When a line of the records below contains the string "assms", copy that whole line.

__Collected data__
---*---

(* Let $\Omega\subset\mathbb{R}^N$ be a bounded open set, $\sigma>0$, $h:[0,\sigma)\to\mathbb{R}^+$ continuous, strictly increasing with $\lim_{s\to\sigma^-}h(s)=+\infty$, and suppose there exists $\gamma\in[1,2)$ with $\lim_{s\to\sigma^-}(\sigma-s)^\gamma h(s)=C>0$. Let $f\in L^p(\Omega)$, $p>N/2$, $f\ge0$, and $\lambda>0$. Let $H(s)=\int_0^s h$, $\psi(s)=\int_0^s e^{-H(t)}dt$, $L=\psi(\sigma)$, and $g(s)=e^{-H(\psi^{-1}(s))}$ on $[0,L]$ ($g(L)=0$). Let $\underline v,\overline v\in H^1(\Omega)$ take values in $[0,L]$ a.e., satisfy $-\Delta\underline v\le\lambda f g(\underline v)$ and $-\Delta\overline v\ge\lambda f g(\overline v)$ in $H^{-1}(\Omega)$ (i.e. tested against nonnegative functions of $H^1_0(\Omega)$), and $(\underline v-\overline v)\le0$ on $\partial\Omega$. Then $\underline v\le\overline v$ a.e. in $\Omega$. *)

theory Defs
  imports "HOL-Analysis.Analysis"
begin

definition pd :: "'n::finite \<Rightarrow> (real^'n \<Rightarrow> real) \<Rightarrow> real^'n \<Rightarrow> real" where
  "pd i \<phi> x = frechet_derivative \<phi> (at x) (axis i 1)"

fun Ck :: "nat \<Rightarrow> (real^'n::finite \<Rightarrow> real) \<Rightarrow> bool" where
  "Ck 0 \<phi> = continuous_on UNIV \<phi>"
| "Ck (Suc k) \<phi> = (continuous_on UNIV \<phi> \<and> (\<forall>x. \<phi> differentiable (at x)) \<and> (\<forall>i. Ck k (pd i \<phi>)))"

definition smooth :: "(real^'n::finite \<Rightarrow> real) \<Rightarrow> bool" where
  "smooth \<phi> \<longleftrightarrow> (\<forall>k. Ck k \<phi>)"

definition test_fn :: "(real^'n::finite) set \<Rightarrow> (real^'n \<Rightarrow> real) \<Rightarrow> bool" where
  "test_fn \<Omega> \<phi> \<longleftrightarrow> smooth \<phi> \<and> compact (closure {x. \<phi> x \<noteq> 0}) \<and> closure {x. \<phi> x \<noteq> 0} \<subseteq> \<Omega>"

definition L2 :: "(real^'n::finite) set \<Rightarrow> (real^'n \<Rightarrow> real) \<Rightarrow> bool" where
  "L2 \<Omega> u \<longleftrightarrow> u \<in> borel_measurable (lebesgue_on \<Omega>) \<and> integrable (lebesgue_on \<Omega>) (\<lambda>x. (u x)^2)"

definition Lp :: "real \<Rightarrow> (real^'n::finite) set \<Rightarrow> (real^'n \<Rightarrow> real) \<Rightarrow> bool" where
  "Lp p \<Omega> u \<longleftrightarrow> u \<in> borel_measurable (lebesgue_on \<Omega>) \<and> integrable (lebesgue_on \<Omega>) (\<lambda>x. \<bar>u x\<bar> powr p)"

definition weak_grad :: "(real^'n::finite) set \<Rightarrow> (real^'n \<Rightarrow> real) \<Rightarrow> (real^'n \<Rightarrow> real^'n) \<Rightarrow> bool" where
  "weak_grad \<Omega> u G \<longleftrightarrow> (\<forall>i. L2 \<Omega> (\<lambda>x. G x $ i)) \<and>
     (\<forall>\<phi> i. test_fn \<Omega> \<phi> \<longrightarrow>
        integral\<^sup>L (lebesgue_on \<Omega>) (\<lambda>x. u x * pd i \<phi> x) = - integral\<^sup>L (lebesgue_on \<Omega>) (\<lambda>x. G x $ i * \<phi> x))"

definition H1 :: "(real^'n::finite) set \<Rightarrow> (real^'n \<Rightarrow> real) \<Rightarrow> bool" where
  "H1 \<Omega> u \<longleftrightarrow> L2 \<Omega> u \<and> (\<exists>G. weak_grad \<Omega> u G)"

definition wgrad :: "(real^'n::finite) set \<Rightarrow> (real^'n \<Rightarrow> real) \<Rightarrow> real^'n \<Rightarrow> real^'n" where
  "wgrad \<Omega> u = (SOME G. weak_grad \<Omega> u G)"

definition H10 :: "(real^'n::finite) set \<Rightarrow> (real^'n \<Rightarrow> real) \<Rightarrow> bool" where
  "H10 \<Omega> u \<longleftrightarrow> H1 \<Omega> u \<and> (\<exists>\<phi>s. (\<forall>k. test_fn \<Omega> (\<phi>s k)) \<and>
     (\<lambda>k. integral\<^sup>L (lebesgue_on \<Omega>) (\<lambda>x. (\<phi>s k x - u x)^2)
         + (\<Sum>i\<in>UNIV. integral\<^sup>L (lebesgue_on \<Omega>) (\<lambda>x. (pd i (\<phi>s k) x - wgrad \<Omega> u x $ i)^2)))
       \<longlonglongrightarrow> 0)"

end

(*
  Put a = max 0 (vl - vu), which lies in H^1_0, and test both differential inequalities with it.
  Since g is nonincreasing and a > 0 only where vl > vu, subtracting gives
  int (grad vl - grad vu) . grad a <= 0.  Now vl - vu = a - b with b = max 0 (vu - vl), and
  grad b . grad a = 0 a.e. (Stampacchia), so int |grad a|^2 <= 0; an H^1_0 function on a bounded
  domain with vanishing gradient is zero.

  Weak derivatives are only accessible through the test functions phi_k -> a in H^1, so the usual
  truncation arguments are replaced by the polynomial cut-offs 1 - (1 - a/M)^m, which converge to
  the indicator of {a <> 0} and satisfy the chain rule by the product rule alone.
*)
theory Submission
  imports Defs
begin

section \<open>Partial derivatives and test functions\<close>

lemma pd_has_derivative: "(f has_derivative f') (at x) \<Longrightarrow> pd i f x = f' (axis i 1)"
  unfolding pd_def by (metis frechet_derivative_at)

lemma pd_add:
  "f differentiable (at x) \<Longrightarrow> g differentiable (at x) \<Longrightarrow> pd i (\<lambda>y. f y + g y) x = pd i f x + pd i g x"
  unfolding frechet_derivative_works
  by (subst pd_has_derivative[OF has_derivative_add]) (auto simp: pd_def)

lemma pd_mult:
  "f differentiable (at x) \<Longrightarrow> g differentiable (at x) \<Longrightarrow>
     pd i (\<lambda>y. f y * g y) x = f x * pd i g x + pd i f x * g x"
  unfolding frechet_derivative_works
  by (subst pd_has_derivative[OF has_derivative_mult]) (auto simp: pd_def)

lemma pd_const: "pd i (\<lambda>y. c) = (\<lambda>x. 0)"
  by (simp add: fun_eq_iff pd_has_derivative[OF has_derivative_const])

lemma pd_component: "pd i (\<lambda>y. y $ j) x = (if j = i then 1 else 0)"
  by (subst pd_has_derivative[OF bounded_linear_imp_has_derivative[OF bounded_linear_vec_nth]])
    (simp add: axis_def)

lemma pd_eq_0_outside_support:
  assumes "x \<notin> closure {x. f x \<noteq> 0}"
  shows "pd i f x = 0"
proof -
  have "(f has_derivative (\<lambda>h. 0)) (at x)"
  proof (rule has_derivative_transform_within_open[OF has_derivative_const])
    show "open (- closure {x. f x \<noteq> 0})" by (simp add: open_Compl)
    show "x \<in> - closure {x. f x \<noteq> 0}" using assms by simp
    show "0 = f y" if "y \<in> - closure {x. f x \<noteq> 0}" for y
      using that closure_subset[of "{x. f x \<noteq> 0}"] by auto
  qed
  then show ?thesis by (simp add: pd_has_derivative)
qed

lemma Ck_SucD: "Ck (Suc k) f \<Longrightarrow> Ck k f"
  by (induction k arbitrary: f) auto

lemma Ck_const: "Ck k (\<lambda>x. c)"
  by (induction k arbitrary: c) (simp_all add: pd_const)

lemma Ck_component: "Ck k (\<lambda>x. x $ j)"
proof (cases k)
  case (Suc m)
  have "pd i (\<lambda>y. y $ j) = (\<lambda>x. if j = i then 1 else 0)" for i
    by (simp add: fun_eq_iff pd_component)
  then show ?thesis
    using Suc Ck_const[of m 1] Ck_const[of m 0]
    by (auto intro: linear_continuous_on bounded_linear_imp_differentiable bounded_linear_vec_nth)
qed (auto intro: linear_continuous_on bounded_linear_vec_nth)

lemma Ck_add: "Ck k f \<Longrightarrow> Ck k g \<Longrightarrow> Ck k (\<lambda>x. f x + g x)"
proof (induction k arbitrary: f g)
  case (Suc k)
  then have "pd i (\<lambda>x. f x + g x) = (\<lambda>x. pd i f x + pd i g x)" for i
    by (auto simp: fun_eq_iff pd_add)
  with Suc show ?case by (auto intro: continuous_on_add differentiable_add)
qed (auto intro: continuous_on_add)

lemma Ck_mult: "Ck k f \<Longrightarrow> Ck k g \<Longrightarrow> Ck k (\<lambda>x. f x * g x)"
proof (induction k arbitrary: f g)
  case (Suc k)
  then have "pd i (\<lambda>x. f x * g x) = (\<lambda>x. f x * pd i g x + pd i f x * g x)" for i
    by (auto simp: fun_eq_iff pd_mult)
  moreover have "Ck k (\<lambda>x. f x * pd i g x + pd i f x * g x)" for i
    using Suc Ck_SucD[OF Suc.prems(1)] Ck_SucD[OF Suc.prems(2)] by (intro Ck_add Suc.IH) auto
  ultimately show ?case using Suc.prems by (auto intro: continuous_on_mult differentiable_mult)
qed (auto intro: continuous_on_mult)

lemma smooth_mult: "smooth f \<Longrightarrow> smooth g \<Longrightarrow> smooth (\<lambda>x. f x * g x)"
  unfolding smooth_def by (blast intro: Ck_mult)

lemma smooth_pd: "smooth f \<Longrightarrow> smooth (pd i f)"
  unfolding smooth_def by (metis Ck.simps(2))

lemma smooth_differentiable: "smooth f \<Longrightarrow> f differentiable (at x)"
  unfolding smooth_def by (metis Ck.simps(2))

lemma smooth_continuous: "smooth f \<Longrightarrow> continuous_on UNIV f"
  unfolding smooth_def by (metis Ck.simps(1))

lemma smooth_component: "smooth (\<lambda>x. x $ j)"
  unfolding smooth_def by (simp add: Ck_component)

lemma test_fn_support_mono:
  assumes "test_fn \<Omega> f" "smooth g" "{x. g x \<noteq> 0} \<subseteq> closure {x. f x \<noteq> 0}"
  shows "test_fn \<Omega> g"
proof -
  have sub: "closure {x. g x \<noteq> 0} \<subseteq> closure {x. f x \<noteq> 0}"
    using assms(3) by (rule closure_minimal) simp
  moreover have "compact (closure {x. f x \<noteq> 0})" "closure {x. f x \<noteq> 0} \<subseteq> \<Omega>"
    using assms(1) unfolding test_fn_def by auto
  ultimately have "compact (closure {x. g x \<noteq> 0})" "closure {x. g x \<noteq> 0} \<subseteq> \<Omega>"
    using compact_Int_closed[OF _ closed_closure, of "closure {x. f x \<noteq> 0}" "{x. g x \<noteq> 0}"]
    by (auto simp: Int_absorb1)
  then show ?thesis using assms(2) unfolding test_fn_def by simp
qed

lemma test_fn_mult: "test_fn \<Omega> f \<Longrightarrow> smooth g \<Longrightarrow> test_fn \<Omega> (\<lambda>x. g x * f x)"
  by (rule test_fn_support_mono)
    (auto simp: test_fn_def intro: smooth_mult closure_subset[THEN subsetD])

lemma test_fn_pd: "test_fn \<Omega> f \<Longrightarrow> test_fn \<Omega> (pd i f)"
  by (rule test_fn_support_mono)
    (use pd_eq_0_outside_support in \<open>auto simp: test_fn_def intro: smooth_pd\<close>)

lemma test_fn_bounded:
  assumes "test_fn \<Omega> f"
  obtains K where "\<And>x. \<bar>f x\<bar> \<le> K"
proof -
  let ?S = "closure {x. f x \<noteq> 0}"
  have "continuous_on ?S f"
    using assms unfolding test_fn_def by (auto intro: continuous_on_subset smooth_continuous)
  then have "compact (f ` ?S)"
    using assms unfolding test_fn_def by (auto intro: compact_continuous_image)
  then obtain K where K: "\<And>y. y \<in> f ` ?S \<Longrightarrow> \<bar>y\<bar> \<le> K"
    by (metis compact_imp_bounded bounded_iff real_norm_def)
  have "\<bar>f x\<bar> \<le> max K 0" for x
    using K[of "f x"] closure_subset[of "{x. f x \<noteq> 0}"] by (cases "f x = 0") auto
  then show thesis by (rule that)
qed

lemma borel_measurable_lebesgue_onI:
  "f \<in> borel_measurable borel \<Longrightarrow> f \<in> borel_measurable (lebesgue_on S)"
  by (intro measurable_restrict_space1 measurable_completion) simp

---*---

__YOUR SOLUTION__
    show "x \<in> - closure {x. f x \<noteq> 0}" using assms by simp
    using assms(3) by (rule closure_minimal) simp
    using assms(1) unfolding test_fn_def by auto
  then show ?thesis using assms(2) unfolding test_fn_def by simp
    using assms unfolding test_fn_def by (auto intro: continuous_on_subset smooth_continuous)
    using assms unfolding test_fn_def by (auto intro: compact_continuous_image)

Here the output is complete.